Entries shown:
=== Section Start ===

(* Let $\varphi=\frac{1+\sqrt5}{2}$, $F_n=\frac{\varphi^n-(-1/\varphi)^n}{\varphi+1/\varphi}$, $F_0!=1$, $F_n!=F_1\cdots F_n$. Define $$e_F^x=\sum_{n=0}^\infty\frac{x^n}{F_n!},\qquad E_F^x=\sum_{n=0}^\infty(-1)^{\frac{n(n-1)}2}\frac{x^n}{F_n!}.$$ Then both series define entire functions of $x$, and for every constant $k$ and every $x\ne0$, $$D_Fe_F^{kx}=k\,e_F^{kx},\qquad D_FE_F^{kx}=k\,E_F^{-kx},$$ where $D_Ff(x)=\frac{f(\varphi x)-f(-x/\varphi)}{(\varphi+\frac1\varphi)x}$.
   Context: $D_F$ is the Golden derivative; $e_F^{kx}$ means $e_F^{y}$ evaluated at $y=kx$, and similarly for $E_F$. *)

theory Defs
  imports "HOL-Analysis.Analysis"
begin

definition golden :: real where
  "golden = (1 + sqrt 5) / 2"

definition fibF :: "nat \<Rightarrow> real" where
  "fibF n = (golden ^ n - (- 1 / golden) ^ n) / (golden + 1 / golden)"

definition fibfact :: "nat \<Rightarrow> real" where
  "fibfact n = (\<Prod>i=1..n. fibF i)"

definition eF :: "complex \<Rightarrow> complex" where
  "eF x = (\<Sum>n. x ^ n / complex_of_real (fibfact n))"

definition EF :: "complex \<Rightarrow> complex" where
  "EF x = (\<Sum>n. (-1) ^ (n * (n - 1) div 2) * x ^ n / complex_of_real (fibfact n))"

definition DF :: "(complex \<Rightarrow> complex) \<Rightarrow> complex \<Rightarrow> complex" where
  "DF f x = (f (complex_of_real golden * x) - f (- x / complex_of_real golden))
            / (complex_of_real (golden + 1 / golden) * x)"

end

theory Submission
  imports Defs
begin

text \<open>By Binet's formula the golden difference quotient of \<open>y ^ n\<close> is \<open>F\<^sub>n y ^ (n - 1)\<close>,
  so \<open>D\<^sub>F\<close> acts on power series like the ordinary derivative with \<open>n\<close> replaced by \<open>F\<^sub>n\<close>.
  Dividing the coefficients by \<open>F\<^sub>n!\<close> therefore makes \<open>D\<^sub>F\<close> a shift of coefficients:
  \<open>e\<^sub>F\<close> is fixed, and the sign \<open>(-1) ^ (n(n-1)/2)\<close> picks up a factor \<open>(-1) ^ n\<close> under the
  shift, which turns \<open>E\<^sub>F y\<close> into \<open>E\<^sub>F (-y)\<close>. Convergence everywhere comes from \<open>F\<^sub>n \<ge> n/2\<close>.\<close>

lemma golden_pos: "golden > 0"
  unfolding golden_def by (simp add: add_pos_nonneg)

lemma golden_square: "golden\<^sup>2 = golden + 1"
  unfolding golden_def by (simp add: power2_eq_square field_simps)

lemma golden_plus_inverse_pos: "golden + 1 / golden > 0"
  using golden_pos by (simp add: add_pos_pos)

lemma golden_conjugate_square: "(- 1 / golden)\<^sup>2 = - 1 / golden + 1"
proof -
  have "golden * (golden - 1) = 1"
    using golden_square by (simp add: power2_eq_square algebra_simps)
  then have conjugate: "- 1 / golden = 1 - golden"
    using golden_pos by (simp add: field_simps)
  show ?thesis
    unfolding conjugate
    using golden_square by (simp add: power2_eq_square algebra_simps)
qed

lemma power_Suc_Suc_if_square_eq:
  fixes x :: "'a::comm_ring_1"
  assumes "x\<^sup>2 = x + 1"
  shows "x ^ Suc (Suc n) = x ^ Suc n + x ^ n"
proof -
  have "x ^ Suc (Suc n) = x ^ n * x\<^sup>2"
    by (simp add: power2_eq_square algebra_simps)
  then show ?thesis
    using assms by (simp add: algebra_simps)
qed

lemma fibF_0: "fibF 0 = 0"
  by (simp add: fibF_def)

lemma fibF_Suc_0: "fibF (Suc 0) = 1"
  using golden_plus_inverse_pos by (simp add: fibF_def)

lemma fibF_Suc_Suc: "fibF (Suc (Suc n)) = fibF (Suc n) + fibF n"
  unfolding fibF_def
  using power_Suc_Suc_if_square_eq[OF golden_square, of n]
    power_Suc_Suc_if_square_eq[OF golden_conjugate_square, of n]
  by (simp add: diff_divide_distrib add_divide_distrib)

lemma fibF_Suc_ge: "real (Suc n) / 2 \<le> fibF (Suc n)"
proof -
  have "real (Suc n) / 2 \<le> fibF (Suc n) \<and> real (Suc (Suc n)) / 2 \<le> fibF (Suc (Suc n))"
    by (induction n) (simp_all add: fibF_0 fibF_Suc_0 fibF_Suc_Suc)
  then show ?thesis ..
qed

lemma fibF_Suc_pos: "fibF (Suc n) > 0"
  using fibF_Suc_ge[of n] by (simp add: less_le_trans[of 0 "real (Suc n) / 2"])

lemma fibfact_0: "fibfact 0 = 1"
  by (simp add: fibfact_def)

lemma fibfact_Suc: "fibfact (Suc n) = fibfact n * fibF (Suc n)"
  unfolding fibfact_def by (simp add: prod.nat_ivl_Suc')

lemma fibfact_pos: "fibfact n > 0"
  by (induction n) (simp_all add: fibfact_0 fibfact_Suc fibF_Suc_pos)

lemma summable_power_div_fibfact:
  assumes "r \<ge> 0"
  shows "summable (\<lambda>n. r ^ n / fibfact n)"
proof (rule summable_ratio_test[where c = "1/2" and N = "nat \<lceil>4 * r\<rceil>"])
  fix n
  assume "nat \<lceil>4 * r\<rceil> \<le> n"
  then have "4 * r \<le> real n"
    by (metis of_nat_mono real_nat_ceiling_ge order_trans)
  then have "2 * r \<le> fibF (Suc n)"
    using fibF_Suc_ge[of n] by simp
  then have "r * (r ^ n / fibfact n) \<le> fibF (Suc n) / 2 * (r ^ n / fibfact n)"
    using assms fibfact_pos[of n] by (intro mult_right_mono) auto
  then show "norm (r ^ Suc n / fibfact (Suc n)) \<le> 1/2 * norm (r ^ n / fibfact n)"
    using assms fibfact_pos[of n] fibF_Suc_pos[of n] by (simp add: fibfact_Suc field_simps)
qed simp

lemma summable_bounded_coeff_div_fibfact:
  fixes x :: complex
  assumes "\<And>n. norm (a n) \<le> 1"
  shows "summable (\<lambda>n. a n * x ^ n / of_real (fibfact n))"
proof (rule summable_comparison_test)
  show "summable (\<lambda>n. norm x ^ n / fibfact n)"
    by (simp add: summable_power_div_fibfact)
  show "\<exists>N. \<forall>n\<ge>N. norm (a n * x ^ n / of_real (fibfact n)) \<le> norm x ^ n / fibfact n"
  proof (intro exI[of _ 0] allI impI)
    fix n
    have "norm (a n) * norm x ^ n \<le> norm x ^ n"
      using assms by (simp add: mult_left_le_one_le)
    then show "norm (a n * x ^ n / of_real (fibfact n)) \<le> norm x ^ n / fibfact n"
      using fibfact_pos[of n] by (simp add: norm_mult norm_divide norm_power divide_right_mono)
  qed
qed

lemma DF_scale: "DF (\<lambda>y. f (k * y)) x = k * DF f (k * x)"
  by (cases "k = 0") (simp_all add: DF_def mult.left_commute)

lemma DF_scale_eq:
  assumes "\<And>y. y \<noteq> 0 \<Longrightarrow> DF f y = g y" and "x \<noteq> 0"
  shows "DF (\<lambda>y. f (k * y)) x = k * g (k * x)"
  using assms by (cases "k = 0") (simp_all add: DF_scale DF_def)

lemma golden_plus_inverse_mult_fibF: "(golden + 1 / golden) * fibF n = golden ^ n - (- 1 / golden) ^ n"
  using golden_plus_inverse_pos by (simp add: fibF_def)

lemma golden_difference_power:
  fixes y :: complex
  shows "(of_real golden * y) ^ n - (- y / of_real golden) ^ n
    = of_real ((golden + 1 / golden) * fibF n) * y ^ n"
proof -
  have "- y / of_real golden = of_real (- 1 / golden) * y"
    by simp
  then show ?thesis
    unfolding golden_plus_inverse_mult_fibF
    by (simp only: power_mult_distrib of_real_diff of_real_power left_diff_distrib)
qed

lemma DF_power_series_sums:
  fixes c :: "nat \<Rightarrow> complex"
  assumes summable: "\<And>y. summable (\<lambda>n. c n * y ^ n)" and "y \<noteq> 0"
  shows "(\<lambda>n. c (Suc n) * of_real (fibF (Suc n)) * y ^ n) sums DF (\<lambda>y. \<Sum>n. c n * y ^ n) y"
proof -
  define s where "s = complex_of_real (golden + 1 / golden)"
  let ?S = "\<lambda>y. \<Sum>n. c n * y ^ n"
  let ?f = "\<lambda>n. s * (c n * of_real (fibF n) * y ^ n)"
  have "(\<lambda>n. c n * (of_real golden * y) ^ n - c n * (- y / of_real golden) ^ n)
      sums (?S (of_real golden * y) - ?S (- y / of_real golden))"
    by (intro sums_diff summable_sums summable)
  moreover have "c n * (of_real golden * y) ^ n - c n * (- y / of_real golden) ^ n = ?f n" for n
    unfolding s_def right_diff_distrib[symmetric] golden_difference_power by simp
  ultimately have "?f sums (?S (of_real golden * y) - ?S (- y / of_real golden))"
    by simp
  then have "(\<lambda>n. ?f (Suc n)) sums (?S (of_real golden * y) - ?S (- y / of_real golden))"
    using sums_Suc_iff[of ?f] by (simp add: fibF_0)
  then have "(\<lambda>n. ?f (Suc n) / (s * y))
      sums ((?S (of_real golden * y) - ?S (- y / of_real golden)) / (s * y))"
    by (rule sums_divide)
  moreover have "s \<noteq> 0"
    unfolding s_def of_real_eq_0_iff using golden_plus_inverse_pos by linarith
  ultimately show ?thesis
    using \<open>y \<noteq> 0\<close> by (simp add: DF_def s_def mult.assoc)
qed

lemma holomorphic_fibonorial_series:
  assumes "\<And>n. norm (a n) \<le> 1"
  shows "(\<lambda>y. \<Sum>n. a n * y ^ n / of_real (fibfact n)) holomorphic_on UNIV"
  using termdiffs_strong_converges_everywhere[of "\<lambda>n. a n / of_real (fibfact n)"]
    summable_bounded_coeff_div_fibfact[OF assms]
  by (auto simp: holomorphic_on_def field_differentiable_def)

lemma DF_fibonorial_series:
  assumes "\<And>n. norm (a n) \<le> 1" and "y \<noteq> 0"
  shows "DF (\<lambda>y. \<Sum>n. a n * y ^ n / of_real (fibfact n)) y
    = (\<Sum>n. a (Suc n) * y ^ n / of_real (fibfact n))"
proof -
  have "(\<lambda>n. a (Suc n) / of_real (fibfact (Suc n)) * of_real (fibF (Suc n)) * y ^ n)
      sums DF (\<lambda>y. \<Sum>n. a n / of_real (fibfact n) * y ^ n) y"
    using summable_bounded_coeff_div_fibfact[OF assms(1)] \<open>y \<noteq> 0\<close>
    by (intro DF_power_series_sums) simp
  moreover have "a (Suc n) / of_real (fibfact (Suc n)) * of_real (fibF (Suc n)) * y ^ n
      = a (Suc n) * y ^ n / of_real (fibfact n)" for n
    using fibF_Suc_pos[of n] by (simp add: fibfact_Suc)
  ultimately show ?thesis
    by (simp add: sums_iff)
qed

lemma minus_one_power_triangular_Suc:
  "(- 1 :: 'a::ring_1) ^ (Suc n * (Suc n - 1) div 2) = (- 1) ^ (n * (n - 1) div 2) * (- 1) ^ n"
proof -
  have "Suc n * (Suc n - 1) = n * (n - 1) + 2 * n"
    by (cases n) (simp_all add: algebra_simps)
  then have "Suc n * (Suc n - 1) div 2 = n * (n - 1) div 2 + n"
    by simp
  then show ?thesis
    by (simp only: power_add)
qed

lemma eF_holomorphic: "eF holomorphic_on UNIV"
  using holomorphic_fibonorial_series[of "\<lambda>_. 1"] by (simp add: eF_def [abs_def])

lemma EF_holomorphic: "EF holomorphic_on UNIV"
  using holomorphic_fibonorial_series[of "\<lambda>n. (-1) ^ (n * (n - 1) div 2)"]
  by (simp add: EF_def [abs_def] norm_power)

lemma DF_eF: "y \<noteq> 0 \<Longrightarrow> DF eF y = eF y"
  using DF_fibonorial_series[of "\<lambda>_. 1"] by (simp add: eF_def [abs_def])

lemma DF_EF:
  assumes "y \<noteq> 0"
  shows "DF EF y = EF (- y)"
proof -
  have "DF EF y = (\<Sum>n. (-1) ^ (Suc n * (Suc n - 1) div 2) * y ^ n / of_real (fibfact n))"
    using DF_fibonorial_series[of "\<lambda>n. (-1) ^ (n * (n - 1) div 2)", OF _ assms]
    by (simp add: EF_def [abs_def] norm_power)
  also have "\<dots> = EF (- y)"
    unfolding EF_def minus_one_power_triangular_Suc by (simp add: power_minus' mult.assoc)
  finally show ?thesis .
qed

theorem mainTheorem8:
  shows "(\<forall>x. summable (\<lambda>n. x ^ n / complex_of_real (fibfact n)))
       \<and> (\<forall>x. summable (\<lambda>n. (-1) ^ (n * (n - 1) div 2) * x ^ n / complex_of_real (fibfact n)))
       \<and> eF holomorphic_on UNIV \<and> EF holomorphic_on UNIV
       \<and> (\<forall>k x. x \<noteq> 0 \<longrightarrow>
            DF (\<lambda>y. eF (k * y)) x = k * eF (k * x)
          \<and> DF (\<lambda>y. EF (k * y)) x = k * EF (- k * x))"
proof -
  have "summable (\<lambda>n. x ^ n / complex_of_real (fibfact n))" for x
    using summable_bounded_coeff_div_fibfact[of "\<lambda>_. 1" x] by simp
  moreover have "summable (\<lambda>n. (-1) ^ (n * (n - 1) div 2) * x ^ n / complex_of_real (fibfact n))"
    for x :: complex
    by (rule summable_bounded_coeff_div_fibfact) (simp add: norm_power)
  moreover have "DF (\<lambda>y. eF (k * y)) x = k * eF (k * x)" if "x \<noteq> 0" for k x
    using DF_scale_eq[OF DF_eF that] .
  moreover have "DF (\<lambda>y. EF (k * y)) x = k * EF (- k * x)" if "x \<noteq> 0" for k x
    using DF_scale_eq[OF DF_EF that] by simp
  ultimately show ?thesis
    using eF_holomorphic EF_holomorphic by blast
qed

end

=== Section End ===

Your objective: Take the first line of the material above as the start and the line that contains "n = (\<Prod>i=1..n." as the end. Output only that span, every line exactly as it stands.

Result of this task:
(* Let $\varphi=\frac{1+\sqrt5}{2}$, $F_n=\frac{\varphi^n-(-1/\varphi)^n}{\varphi+1/\varphi}$, $F_0!=1$, $F_n!=F_1\cdots F_n$. Define $$e_F^x=\sum_{n=0}^\infty\frac{x^n}{F_n!},\qquad E_F^x=\sum_{n=0}^\infty(-1)^{\frac{n(n-1)}2}\frac{x^n}{F_n!}.$$ Then both series define entire functions of $x$, and for every constant $k$ and every $x\ne0$, $$D_Fe_F^{kx}=k\,e_F^{kx},\qquad D_FE_F^{kx}=k\,E_F^{-kx},$$ where $D_Ff(x)=\frac{f(\varphi x)-f(-x/\varphi)}{(\varphi+\frac1\varphi)x}$.
   Context: $D_F$ is the Golden derivative; $e_F^{kx}$ means $e_F^{y}$ evaluated at $y=kx$, and similarly for $E_F$. *)

theory Defs
  imports "HOL-Analysis.Analysis"
begin

definition golden :: real where
  "golden = (1 + sqrt 5) / 2"

definition fibF :: "nat \<Rightarrow> real" where
  "fibF n = (golden ^ n - (- 1 / golden) ^ n) / (golden + 1 / golden)"

definition fibfact :: "nat \<Rightarrow> real" where
  "fibfact n = (\<Prod>i=1..n. fibF i)"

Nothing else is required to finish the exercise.